O roteiro, a direção e os próprios atores conseguiram de fato criar bons personagens – e são vários, são uns dez ou mais, que a gente fica conhecendo ao mesmo tempo, e até demora um tanto para entender direito quem é quem. Um pouco à la os filmes de Altman, que citei lá em cima. Não é muita gente que consegue criar tantos e tão diversos personagens e construi-los com solidez, eficácia.

Mary gostou especialmente da avó de Lára. Eu me diverti com a avó de Lára, é claro – mas Mary me fez ver que a personagem dela é muito melhor, muito mais rica do que eu havia percebido. Para mim, tinha parecido só uma velhinha engraçada, às vezes esquecida de tudo (uma hora lá, ela se vira para a noiva e pergunta por que está vestida tão bem, como se fosse para festa), às vezes nem tanto. Imaginei que era uma velhinha com começo de Alzheimer, ou simplesmente com começo do que antigamente a gente chamava genericamente de esclerose. Mary viu mais longe: a avó de Lára é uma grande safada, esperta; ela usa o fato de ser velha e parecer estar com início de Alzheimer ou esclerose ou o que for para se divertir, fazer o que bem entender. Ligou o foda-se e industrializa a própria idade, a danada, a marota.

É isso mesmo. É bem isso mesmo – uma amostra de como o filme soube construir bons personagens.

         Toda generalização, todo estereótipo é burro

Lá no começo, citei Monicelli e sua comédia sobre parentes serpentes. Não foi à toa a citação de um italiano.

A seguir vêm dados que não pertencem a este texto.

(* Let $n,t$ be positive integers and let $\mathcal{B}$ be a partition of $[n]$ into $t$ nonempty blocks. Let $\mathcal{B}'\subseteq\mathcal{B}$ be nonempty, let $\ell=\sum_{B\in\mathcal{B}'}|B|$, and let $\langle i_1<i_2<\cdots<i_\ell\rangle$ be the increasing enumeration of $\bigcup_{B\in\mathcal{B}'}B$. Then $K[\underline{i},\mathcal{B}']=K[\underline{i}',\mathcal{B}']$ in each of the following cases: - for every $l\in[\ell-1]$ and all $\underline{i},\underline{i}'$ with $i_l<\underline{i},\underline{i}'\le i_{l+1}$; - for all $\underline{i},\underline{i}'$ with $1\le\underline{i},\underline{i}'\le i_1$; - for all $\underline{i},\underline{i}'$ with $i_\ell<\underline{i},\underline{i}'\le n$.
   Context: Let $A(n)$ be the infinite sequence obtained by concatenating infinitely many copies (segments, numbered $1,2,\ldots$) of $\langle1,2,\ldots,n\rangle$. A position is a pair $(\kappa,v)$ consisting of a segment index $\kappa\ge1$ and a value $v\in[n]$. Positions are ordered lexicographically. A placement of a nonempty $\mathcal{B}'\subseteq\mathcal{B}$ assigns to each $x\in\bigcup_{B\in\mathcal{B}'}B$ a position $(\kappa_x,x)$, with distinct elements at distinct positions. It is valid if, for any two distinct blocks $B,C\in\mathcal{B}'$, no element of $B$ lies strictly between the smallest and the largest positions occupied by elements of $C$. The number of segments used is $\max_x\kappa_x$. $K[\underline{i},\mathcal{B}']$ is the minimum number of segments used by a valid placement of $\mathcal{B}'$ all of whose positions are $\ge(1,\underline{i})$. *)

theory Defs
  imports Main "HOL-Library.Product_Lexorder" "HOL-Library.Disjoint_Sets"
begin

text \<open>Positions are pairs (segment index, value) of type nat \<times> nat, ordered
lexicographically (Product_Lexorder).  A placement of Bs' is given by a function
kappa assigning each element x of the union of Bs' its segment index; x sits at
position (kappa x, x).\<close>

definition pos :: "(nat \<Rightarrow> nat) \<Rightarrow> nat \<Rightarrow> nat \<times> nat" where
  "pos kappa x = (kappa x, x)"

definition valid_placement :: "nat set set \<Rightarrow> (nat \<Rightarrow> nat) \<Rightarrow> bool" where
  "valid_placement Bs' kappa \<longleftrightarrow>
     (\<forall>x\<in>\<Union>Bs'. 1 \<le> kappa x) \<and>
     (\<forall>B\<in>Bs'. \<forall>C\<in>Bs'. B \<noteq> C \<longrightarrow>
        (\<forall>x\<in>B. \<not> (Min (pos kappa ` C) < pos kappa x \<and> pos kappa x < Max (pos kappa ` C))))"

definition segments_used :: "nat set set \<Rightarrow> (nat \<Rightarrow> nat) \<Rightarrow> nat" where
  "segments_used Bs' kappa = Max (kappa ` \<Union>Bs')"

definition K :: "nat \<Rightarrow> nat set set \<Rightarrow> nat" where
  "K i Bs' = Inf {m. \<exists>kappa. valid_placement Bs' kappa \<and>
                     (\<forall>x\<in>\<Union>Bs'. (1, i) \<le> pos kappa x) \<and>
                     m = segments_used Bs' kappa}"

end

theory Submission
  imports Defs
begin

text \<open>Every valid placement puts all elements in segments \<open>\<ge> 1\<close>, so the constraint
\<open>(1, i) \<le> (\<kappa> x, x)\<close> only bites for elements in segment 1, where it reads \<open>i \<le> x\<close>.
Hence \<open>K i \<B>'\<close> depends on \<open>i\<close> only through the set of elements of \<open>\<Union>\<B>'\<close> below \<open>i\<close>,
and this set does not change while \<open>i\<close> ranges over one gap of the increasing
enumeration of \<open>\<Union>\<B>'\<close>.\<close>

lemma K_cong:
  assumes "\<forall>x\<in>\<Union>Bs'. x < i \<longleftrightarrow> x < i'"
  shows "K i Bs' = K i' Bs'"
proof -
  have "(\<forall>x\<in>\<Union>Bs'. (1, i) \<le> pos kappa x) \<longleftrightarrow> (\<forall>x\<in>\<Union>Bs'. (1, i') \<le> pos kappa x)"
    if "valid_placement Bs' kappa" for kappa
  proof -
    have "(1, i) \<le> pos kappa x \<longleftrightarrow> (1, i') \<le> pos kappa x" if "x \<in> \<Union>Bs'" for x
    proof -
      have "1 \<le> kappa x"
        using \<open>valid_placement Bs' kappa\<close> \<open>x \<in> \<Union>Bs'\<close> unfolding valid_placement_def by blast
      moreover have "x < i \<longleftrightarrow> x < i'"
        using assms \<open>x \<in> \<Union>Bs'\<close> by blast
      ultimately show ?thesis
        unfolding pos_def less_eq_prod_def by auto
    qed
    then show ?thesis by blast
  qed
  then show ?thesis
    unfolding K_def by (intro arg_cong[where f = Inf]) blast
qed

lemma sorted_nth_first_le:
  assumes "sorted xs" and "x \<in> set xs"
  shows "xs ! 0 \<le> x"
proof -
  obtain k where "k < length xs" "x = xs ! k"
    using assms(2) by (auto simp: in_set_conv_nth)
  then show ?thesis
    using sorted_nth_mono[OF assms(1), of 0 k] by simp
qed

lemma sorted_le_nth_last:
  assumes "sorted xs" and "x \<in> set xs"
  shows "x \<le> xs ! (length xs - 1)"
proof -
  obtain k where "k < length xs" "x = xs ! k"
    using assms(2) by (auto simp: in_set_conv_nth)
  then show ?thesis
    using sorted_nth_mono[OF assms(1), of k "length xs - 1"] by simp
qed

lemma sorted_less_iff_less_nth:
  assumes "sorted xs" and "0 < l" and "l < length xs"
    and "xs ! (l - 1) < i" and "i \<le> xs ! l" and "x \<in> set xs"
  shows "x < i \<longleftrightarrow> x < xs ! l"
proof -
  obtain k where k: "k < length xs" "x = xs ! k"
    using assms(6) by (auto simp: in_set_conv_nth)
  show ?thesis
  proof (cases "k < l")
    case True
    then have "xs ! k \<le> xs ! (l - 1)"
      using sorted_nth_mono[OF assms(1), of k "l - 1"] assms(3) by simp
    then show ?thesis using assms(4,5) k by auto
  next
    case False
    then have "xs ! l \<le> xs ! k"
      using sorted_nth_mono[OF assms(1), of l k] k by simp
    then show ?thesis using assms(5) k by auto
  qed
qed

lemma card_Union_partition_subset:
  assumes "partition_on A Bs" and "finite A" and "Bs' \<subseteq> Bs"
  shows "card (\<Union>Bs') = (\<Sum>B\<in>Bs'. card B)"
proof (rule card_Union_disjoint)
  show "disjoint Bs'"
    using pairwise_subset[OF partition_onD2[OF assms(1)] assms(3)] .
  show "finite B" if "B \<in> Bs'" for B
  proof (rule finite_subset[OF _ assms(2)])
    show "B \<subseteq> A"
      using that assms(3) partition_onD1[OF assms(1)] by blast
  qed
qed

theorem lemma2:
  fixes n t :: nat and Bs Bs' :: "nat set set" and ell :: nat and ii :: "nat \<Rightarrow> nat"
  assumes "0 < n" and "0 < t"
    and "partition_on {1..n} Bs" and "card Bs = t"
    and "Bs' \<subseteq> Bs" and "Bs' \<noteq> {}"
  defines "ell \<equiv> (\<Sum>B\<in>Bs'. card B)"
    and "ii \<equiv> (\<lambda>l. sorted_list_of_set (\<Union>Bs') ! (l - 1))"
  shows "(\<forall>l\<in>{1..ell - 1}. \<forall>i i'. ii l < i \<and> i \<le> ii (l + 1) \<and> ii l < i' \<and> i' \<le> ii (l + 1)
            \<longrightarrow> K i Bs' = K i' Bs')
       \<and> (\<forall>i i'. 1 \<le> i \<and> i \<le> ii 1 \<and> 1 \<le> i' \<and> i' \<le> ii 1 \<longrightarrow> K i Bs' = K i' Bs')
       \<and> (\<forall>i i'. ii ell < i \<and> i \<le> n \<and> ii ell < i' \<and> i' \<le> n \<longrightarrow> K i Bs' = K i' Bs')"
proof -
  define xs where "xs = sorted_list_of_set (\<Union>Bs')"
  have "\<Union>Bs' \<subseteq> {1..n}"
    using assms(5) partition_onD1[OF assms(3)] by blast
  then have fin: "finite (\<Union>Bs')"
    using finite_subset by blast
  have sorted: "sorted xs" and set_xs: "set xs = \<Union>Bs'"
    using fin unfolding xs_def by auto
  have length_xs: "length xs = ell"
    using fin card_Union_partition_subset[OF assms(3) _ assms(5)] unfolding xs_def ell_def by simp
  have ii: "ii l = xs ! (l - 1)" for l
    unfolding ii_def xs_def ..
  show ?thesis
  proof (intro conjI ballI allI impI K_cong)
    fix l i i' x assume "l \<in> {1..ell - 1}" and "x \<in> \<Union>Bs'"
      and "ii l < i \<and> i \<le> ii (l + 1) \<and> ii l < i' \<and> i' \<le> ii (l + 1)"
    then have gap: "xs ! (l - 1) < i" "i \<le> xs ! l" "xs ! (l - 1) < i'" "i' \<le> xs ! l"
      by (simp_all add: ii)
    have l: "0 < l" "l < length xs"
      using \<open>l \<in> {1..ell - 1}\<close> length_xs by auto
    have x: "x \<in> set xs"
      using \<open>x \<in> \<Union>Bs'\<close> set_xs by simp
    show "x < i \<longleftrightarrow> x < i'"
      using sorted_less_iff_less_nth[OF sorted l gap(1,2) x]
        sorted_less_iff_less_nth[OF sorted l gap(3,4) x] by simp
  next
    fix i i' x assume "1 \<le> i \<and> i \<le> ii 1 \<and> 1 \<le> i' \<and> i' \<le> ii 1" and "x \<in> \<Union>Bs'"
    then show "x < i \<longleftrightarrow> x < i'"
      using sorted_nth_first_le[OF sorted, of x] by (simp add: ii set_xs)
  next
    fix i i' x assume "ii ell < i \<and> i \<le> n \<and> ii ell < i' \<and> i' \<le> n" and "x \<in> \<Union>Bs'"
    then show "x < i \<longleftrightarrow> x < i'"
      using sorted_le_nth_last[OF sorted, of x] by (simp add: ii length_xs set_xs)
  qed
qed

end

Depois de ver esse filme islandês, fica ainda mais forte aquela velhíssima noção de que essas generalizações que costumamos fazer, essas simplificações, esses estereótipos em relação a nacionalidades, a regiões – os franceses são metidos, presunçosos, os italianos são românticos, passionais, os escandinavos são gélidos, os alemães são frios, metódicos, organizados, os mineiros são introspectivos, os cariocas são malandros, os baianos são preguiçosos, etc, etc, etc, etc – são a maior besteira que pode existir. Há gente metida, presunçosa, romântica, passional, gélida, metódica, organizada, introspectiva, malandra, preguiçosa, em absolutamente todo lugar sobre a face da terra.

Isso para não entrar no terreno mais minado ainda que é a generalização, a simplificação, a estereotipação por “raças” – o branco é isso, o preto é aquilo, o índio é aquilo –, até porque, como todo mundo sabe, menos os racialistas, os supremacistas de todos os tipos, dos nazistas ao povo da Ku-Klux-Klan, passando pelos defensores das cotas e das quilombolas e privilégios do governo Lula, só existe uma raça.

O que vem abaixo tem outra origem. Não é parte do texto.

(* Let Alice hold a string $A$ and Bob hold a string $B$, and let $\ell=\mathrm{LCP}(A,B)$. Using a randomized public-coin protocol, they can find a number $\ell'\ge\ell$ such that either (1) $\ell'\le\ell^2$, using $O(\lg\lg\ell)$ rounds and $O(\lg\lg\ell)$ total communication, or (2) $\ell'\le|A|^2$, using $O(1)$ rounds and $O(\lg\lg\lg|A|)$ total communication.
   Context: $\mathrm{LCP}(A,B)$ is the length of the longest common prefix of $A$ and $B$. In the public-coin model the parties share an infinite string of independent unbiased random bits, and the result must be correct with probability at least a fixed constant greater than $1/2$. *)

theory Defs
  imports "HOL-Probability.Probability" "HOL-Library.Sublist"
begin

definition LCP :: "'a list \<Rightarrow> 'a list \<Rightarrow> nat" where
  "LCP A B = length (longest_common_prefix A B)"

definition coins :: "(nat \<Rightarrow> bool) measure" where
  "coins = PiM UNIV (\<lambda>_::nat. measure_pmf (bernoulli_pmf (1/2)))"

text \<open>Message number i
  (counting from 0) is sent by Alice if i is even and by Bob if i is odd; the sender's
  message depends on his own input, the public coins and the transcript so far.
  Whether the protocol has halted, and its output, are functions of the public
  coins and the transcript (hence known to both parties).\<close>
record 'a protocol =
  msgA :: "'a list \<Rightarrow> (nat \<Rightarrow> bool) \<Rightarrow> bool list list \<Rightarrow> bool list"
  msgB :: "'a list \<Rightarrow> (nat \<Rightarrow> bool) \<Rightarrow> bool list list \<Rightarrow> bool list"
  halts :: "(nat \<Rightarrow> bool) \<Rightarrow> bool list list \<Rightarrow> bool"
  outp :: "(nat \<Rightarrow> bool) \<Rightarrow> bool list list \<Rightarrow> nat"

text \<open>Messages must be self-delimiting: in every situation the set of possible
  messages is prefix-free.\<close>
definition prefix_free_protocol :: "'a protocol \<Rightarrow> bool" where
  "prefix_free_protocol P \<longleftrightarrow>
     (\<forall>r t X Y. \<not> strict_prefix (msgA P X r t) (msgA P Y r t)) \<and>
     (\<forall>r t X Y. \<not> strict_prefix (msgB P X r t) (msgB P Y r t))"

fun run :: "'a protocol \<Rightarrow> 'a list \<Rightarrow> 'a list \<Rightarrow> (nat \<Rightarrow> bool) \<Rightarrow> nat \<Rightarrow> bool list list" where
  "run P A B r 0 = []"
| "run P A B r (Suc n) =
     (let t = run P A B r n in
      if halts P r t then t
      else t @ [if even (length t) then msgA P A r t else msgB P B r t])"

Os islandeses que esta deliciosa comédia nos mostra são tão passionais quanto os italianos de Monicelli ou os espanhóis de Almodóvar.

O filme, a rigor, só tem um grande defeito: a câmara da diretora Valdís Óskarsdóttir é nervosa demais. Quase todas as tomadas são feitas com câmara de mão, e uma câmara nervosa, que mexe demais, deixa o espectador meio tonto.

         Os dois filmes islandeses que vi são road movies. Logo…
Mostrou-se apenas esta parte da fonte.